**Aim of the task**: Go through the records line by line from the top and repeat each one exactly, ending with the line that contains "fixes k n V :: nat".

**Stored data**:
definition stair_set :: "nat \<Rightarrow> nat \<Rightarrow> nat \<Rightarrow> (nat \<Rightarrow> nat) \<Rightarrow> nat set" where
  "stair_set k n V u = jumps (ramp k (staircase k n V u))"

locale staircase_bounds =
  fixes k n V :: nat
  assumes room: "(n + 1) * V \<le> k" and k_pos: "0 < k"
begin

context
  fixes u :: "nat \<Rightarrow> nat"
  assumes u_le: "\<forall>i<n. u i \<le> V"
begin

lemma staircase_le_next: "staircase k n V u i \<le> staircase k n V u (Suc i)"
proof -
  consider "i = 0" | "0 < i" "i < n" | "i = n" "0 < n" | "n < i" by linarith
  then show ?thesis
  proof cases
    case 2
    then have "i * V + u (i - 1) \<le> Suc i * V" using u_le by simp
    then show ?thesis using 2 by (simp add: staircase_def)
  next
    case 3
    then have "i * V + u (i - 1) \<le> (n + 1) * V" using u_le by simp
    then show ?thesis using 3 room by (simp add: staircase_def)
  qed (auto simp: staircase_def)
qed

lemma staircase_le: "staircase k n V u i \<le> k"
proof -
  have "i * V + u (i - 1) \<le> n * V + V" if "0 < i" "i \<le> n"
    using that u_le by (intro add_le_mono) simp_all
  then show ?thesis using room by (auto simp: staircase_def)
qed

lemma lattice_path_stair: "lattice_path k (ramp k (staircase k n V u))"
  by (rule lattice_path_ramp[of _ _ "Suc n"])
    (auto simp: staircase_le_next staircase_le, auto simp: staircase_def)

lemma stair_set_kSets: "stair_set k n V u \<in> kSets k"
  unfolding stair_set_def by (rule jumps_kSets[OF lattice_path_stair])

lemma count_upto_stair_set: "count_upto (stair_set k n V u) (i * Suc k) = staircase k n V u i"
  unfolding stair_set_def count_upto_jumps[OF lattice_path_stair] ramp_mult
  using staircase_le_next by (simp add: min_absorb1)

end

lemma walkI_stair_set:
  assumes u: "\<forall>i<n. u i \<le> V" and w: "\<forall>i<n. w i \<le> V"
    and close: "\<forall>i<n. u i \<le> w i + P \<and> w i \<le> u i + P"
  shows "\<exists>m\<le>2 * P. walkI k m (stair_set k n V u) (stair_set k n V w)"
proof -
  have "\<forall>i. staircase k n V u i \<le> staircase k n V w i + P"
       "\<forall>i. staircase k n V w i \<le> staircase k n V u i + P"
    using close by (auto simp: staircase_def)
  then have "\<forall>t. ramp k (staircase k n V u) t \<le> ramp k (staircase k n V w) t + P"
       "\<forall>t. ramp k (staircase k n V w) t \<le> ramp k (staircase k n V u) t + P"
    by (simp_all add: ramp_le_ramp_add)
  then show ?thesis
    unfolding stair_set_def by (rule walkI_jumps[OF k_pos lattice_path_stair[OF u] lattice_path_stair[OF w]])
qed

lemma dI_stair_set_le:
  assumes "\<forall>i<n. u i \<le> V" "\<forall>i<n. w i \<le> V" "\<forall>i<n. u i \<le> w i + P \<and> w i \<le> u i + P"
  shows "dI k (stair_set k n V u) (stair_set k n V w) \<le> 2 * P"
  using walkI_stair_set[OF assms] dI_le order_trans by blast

**Response box**:
definition stair_set :: "nat \<Rightarrow> nat \<Rightarrow> nat \<Rightarrow> (nat \<Rightarrow> nat) \<Rightarrow> nat set" where
  "stair_set k n V u = jumps (ramp k (staircase k n V u))"

locale staircase_bounds =
  fixes k n V :: nat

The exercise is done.